▶ WHAT YOU SHOULD DO: Quote the records below word for word, please, from the very first line through the one that contains "note sites = stable_sites_without_fire[OF", and nothing beyond it.

(Dataset entries)
•••••

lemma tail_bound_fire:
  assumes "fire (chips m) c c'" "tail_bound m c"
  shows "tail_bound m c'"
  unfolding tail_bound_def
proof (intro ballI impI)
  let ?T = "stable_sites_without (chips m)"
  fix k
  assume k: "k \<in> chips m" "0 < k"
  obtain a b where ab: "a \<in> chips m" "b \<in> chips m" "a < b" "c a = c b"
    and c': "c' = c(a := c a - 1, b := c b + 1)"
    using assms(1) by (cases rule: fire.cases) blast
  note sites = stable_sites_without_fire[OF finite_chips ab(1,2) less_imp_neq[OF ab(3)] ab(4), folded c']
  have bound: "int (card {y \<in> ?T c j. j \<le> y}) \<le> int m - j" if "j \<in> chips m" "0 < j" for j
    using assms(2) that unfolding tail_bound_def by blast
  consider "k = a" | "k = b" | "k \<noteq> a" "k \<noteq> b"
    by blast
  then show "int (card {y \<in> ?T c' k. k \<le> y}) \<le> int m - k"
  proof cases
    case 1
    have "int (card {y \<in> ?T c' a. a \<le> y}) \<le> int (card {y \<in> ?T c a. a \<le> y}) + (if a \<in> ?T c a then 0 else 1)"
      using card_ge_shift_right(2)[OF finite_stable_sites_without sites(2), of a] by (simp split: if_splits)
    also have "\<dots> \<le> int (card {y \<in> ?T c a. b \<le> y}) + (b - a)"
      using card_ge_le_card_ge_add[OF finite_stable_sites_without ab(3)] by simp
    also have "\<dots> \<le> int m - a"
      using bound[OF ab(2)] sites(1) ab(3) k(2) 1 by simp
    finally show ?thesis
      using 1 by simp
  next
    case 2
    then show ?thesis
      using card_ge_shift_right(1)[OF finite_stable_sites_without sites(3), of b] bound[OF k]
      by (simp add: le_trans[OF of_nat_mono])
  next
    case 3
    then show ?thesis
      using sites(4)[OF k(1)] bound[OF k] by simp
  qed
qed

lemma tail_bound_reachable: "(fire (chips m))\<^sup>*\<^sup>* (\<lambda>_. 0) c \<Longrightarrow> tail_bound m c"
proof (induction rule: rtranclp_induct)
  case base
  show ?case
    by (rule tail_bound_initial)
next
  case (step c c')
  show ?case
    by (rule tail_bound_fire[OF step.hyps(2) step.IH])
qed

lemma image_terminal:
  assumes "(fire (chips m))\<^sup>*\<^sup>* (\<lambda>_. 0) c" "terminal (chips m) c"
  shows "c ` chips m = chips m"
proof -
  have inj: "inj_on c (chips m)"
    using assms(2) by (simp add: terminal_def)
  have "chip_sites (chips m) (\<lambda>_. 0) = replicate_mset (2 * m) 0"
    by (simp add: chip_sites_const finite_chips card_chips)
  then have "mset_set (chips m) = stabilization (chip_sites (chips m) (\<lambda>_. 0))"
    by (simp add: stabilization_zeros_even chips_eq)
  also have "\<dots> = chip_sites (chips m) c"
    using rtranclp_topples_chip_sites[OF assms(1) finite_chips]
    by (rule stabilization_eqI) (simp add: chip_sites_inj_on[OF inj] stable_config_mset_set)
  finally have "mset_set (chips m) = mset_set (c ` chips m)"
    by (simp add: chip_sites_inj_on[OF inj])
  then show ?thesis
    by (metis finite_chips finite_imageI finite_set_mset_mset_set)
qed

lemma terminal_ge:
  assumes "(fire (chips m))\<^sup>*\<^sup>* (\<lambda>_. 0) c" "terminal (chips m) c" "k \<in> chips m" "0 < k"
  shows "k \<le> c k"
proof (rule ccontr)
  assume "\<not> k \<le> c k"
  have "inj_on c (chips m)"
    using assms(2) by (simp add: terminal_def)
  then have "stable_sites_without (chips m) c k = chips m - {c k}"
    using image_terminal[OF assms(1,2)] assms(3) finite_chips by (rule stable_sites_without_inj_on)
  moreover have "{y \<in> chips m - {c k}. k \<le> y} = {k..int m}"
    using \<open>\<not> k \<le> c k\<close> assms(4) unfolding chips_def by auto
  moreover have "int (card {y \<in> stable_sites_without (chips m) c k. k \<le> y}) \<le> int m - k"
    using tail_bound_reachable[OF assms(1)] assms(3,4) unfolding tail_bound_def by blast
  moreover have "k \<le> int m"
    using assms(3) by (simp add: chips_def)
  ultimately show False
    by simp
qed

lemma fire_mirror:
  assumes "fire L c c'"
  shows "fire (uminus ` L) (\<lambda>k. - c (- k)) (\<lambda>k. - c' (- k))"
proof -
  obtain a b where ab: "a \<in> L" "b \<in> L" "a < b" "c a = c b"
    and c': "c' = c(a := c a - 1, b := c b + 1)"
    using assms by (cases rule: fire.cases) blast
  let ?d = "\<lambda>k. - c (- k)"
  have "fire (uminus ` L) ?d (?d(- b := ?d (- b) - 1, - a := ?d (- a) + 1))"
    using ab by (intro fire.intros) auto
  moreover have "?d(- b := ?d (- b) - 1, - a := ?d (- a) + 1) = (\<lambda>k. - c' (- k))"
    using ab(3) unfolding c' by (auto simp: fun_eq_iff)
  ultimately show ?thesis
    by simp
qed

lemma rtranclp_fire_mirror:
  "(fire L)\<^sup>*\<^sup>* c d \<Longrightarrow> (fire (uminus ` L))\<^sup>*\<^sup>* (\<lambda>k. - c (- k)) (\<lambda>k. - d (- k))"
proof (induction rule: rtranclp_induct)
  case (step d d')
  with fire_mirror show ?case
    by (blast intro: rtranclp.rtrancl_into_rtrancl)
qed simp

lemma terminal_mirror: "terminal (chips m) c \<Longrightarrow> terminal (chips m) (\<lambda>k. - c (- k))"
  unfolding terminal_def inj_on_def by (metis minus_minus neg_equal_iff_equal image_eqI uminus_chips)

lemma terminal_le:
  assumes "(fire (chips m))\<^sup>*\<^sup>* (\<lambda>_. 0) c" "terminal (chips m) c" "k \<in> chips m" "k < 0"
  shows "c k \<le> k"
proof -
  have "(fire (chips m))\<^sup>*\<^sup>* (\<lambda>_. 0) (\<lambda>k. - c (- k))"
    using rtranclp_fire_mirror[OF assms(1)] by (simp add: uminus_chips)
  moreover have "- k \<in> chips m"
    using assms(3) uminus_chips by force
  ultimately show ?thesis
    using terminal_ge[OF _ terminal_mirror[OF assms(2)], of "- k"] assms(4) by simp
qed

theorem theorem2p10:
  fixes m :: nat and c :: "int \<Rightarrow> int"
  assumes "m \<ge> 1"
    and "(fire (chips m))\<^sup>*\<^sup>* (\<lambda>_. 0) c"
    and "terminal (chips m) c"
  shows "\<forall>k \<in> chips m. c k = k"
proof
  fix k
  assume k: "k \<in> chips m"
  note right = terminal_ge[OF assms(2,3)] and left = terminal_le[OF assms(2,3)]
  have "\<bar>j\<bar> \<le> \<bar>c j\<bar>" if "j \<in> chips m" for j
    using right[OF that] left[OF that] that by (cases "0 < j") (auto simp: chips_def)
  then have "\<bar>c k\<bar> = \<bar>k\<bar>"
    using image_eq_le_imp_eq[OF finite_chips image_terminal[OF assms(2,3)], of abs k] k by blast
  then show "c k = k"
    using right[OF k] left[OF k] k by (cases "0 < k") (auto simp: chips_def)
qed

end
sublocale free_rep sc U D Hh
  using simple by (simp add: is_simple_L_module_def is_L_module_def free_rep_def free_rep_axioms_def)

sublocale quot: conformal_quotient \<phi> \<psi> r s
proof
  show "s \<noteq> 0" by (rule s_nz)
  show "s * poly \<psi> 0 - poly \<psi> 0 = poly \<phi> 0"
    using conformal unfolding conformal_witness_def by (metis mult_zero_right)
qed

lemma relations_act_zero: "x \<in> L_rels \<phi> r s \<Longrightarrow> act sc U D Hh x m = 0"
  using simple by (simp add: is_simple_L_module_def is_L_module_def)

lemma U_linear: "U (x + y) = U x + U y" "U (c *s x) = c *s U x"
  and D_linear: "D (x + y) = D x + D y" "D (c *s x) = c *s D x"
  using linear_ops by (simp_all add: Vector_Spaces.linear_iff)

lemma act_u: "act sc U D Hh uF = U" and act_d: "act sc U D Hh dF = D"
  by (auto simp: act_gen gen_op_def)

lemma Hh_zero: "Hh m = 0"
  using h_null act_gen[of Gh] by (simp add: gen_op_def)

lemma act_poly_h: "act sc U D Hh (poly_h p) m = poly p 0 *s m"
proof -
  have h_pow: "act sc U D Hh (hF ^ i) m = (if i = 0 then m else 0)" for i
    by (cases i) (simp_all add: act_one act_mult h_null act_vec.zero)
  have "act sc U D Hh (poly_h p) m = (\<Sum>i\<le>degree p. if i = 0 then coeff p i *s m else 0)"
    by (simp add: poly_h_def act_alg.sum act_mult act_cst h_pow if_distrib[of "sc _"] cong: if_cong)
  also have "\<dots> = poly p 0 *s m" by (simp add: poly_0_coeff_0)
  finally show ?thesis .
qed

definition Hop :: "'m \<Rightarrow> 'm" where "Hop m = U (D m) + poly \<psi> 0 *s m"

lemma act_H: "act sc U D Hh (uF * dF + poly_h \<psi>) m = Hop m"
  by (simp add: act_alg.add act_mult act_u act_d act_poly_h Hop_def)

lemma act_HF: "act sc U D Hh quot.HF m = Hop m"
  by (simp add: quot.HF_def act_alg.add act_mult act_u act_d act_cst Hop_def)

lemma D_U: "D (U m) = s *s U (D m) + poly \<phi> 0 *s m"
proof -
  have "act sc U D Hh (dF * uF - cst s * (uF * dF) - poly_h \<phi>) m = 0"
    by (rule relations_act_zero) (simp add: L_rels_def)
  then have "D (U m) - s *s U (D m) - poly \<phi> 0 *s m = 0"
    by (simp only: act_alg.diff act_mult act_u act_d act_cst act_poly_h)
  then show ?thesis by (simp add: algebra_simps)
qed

•••••

▶ TASK RESULT:
lemma tail_bound_fire:
  assumes "fire (chips m) c c'" "tail_bound m c"
  shows "tail_bound m c'"
  unfolding tail_bound_def
proof (intro ballI impI)
  let ?T = "stable_sites_without (chips m)"
  fix k
  assume k: "k \<in> chips m" "0 < k"
  obtain a b where ab: "a \<in> chips m" "b \<in> chips m" "a < b" "c a = c b"
    and c': "c' = c(a := c a - 1, b := c b + 1)"
    using assms(1) by (cases rule: fire.cases) blast
  note sites = stable_sites_without_fire[OF finite_chips ab(1,2) less_imp_neq[OF ab(3)] ab(4), folded c']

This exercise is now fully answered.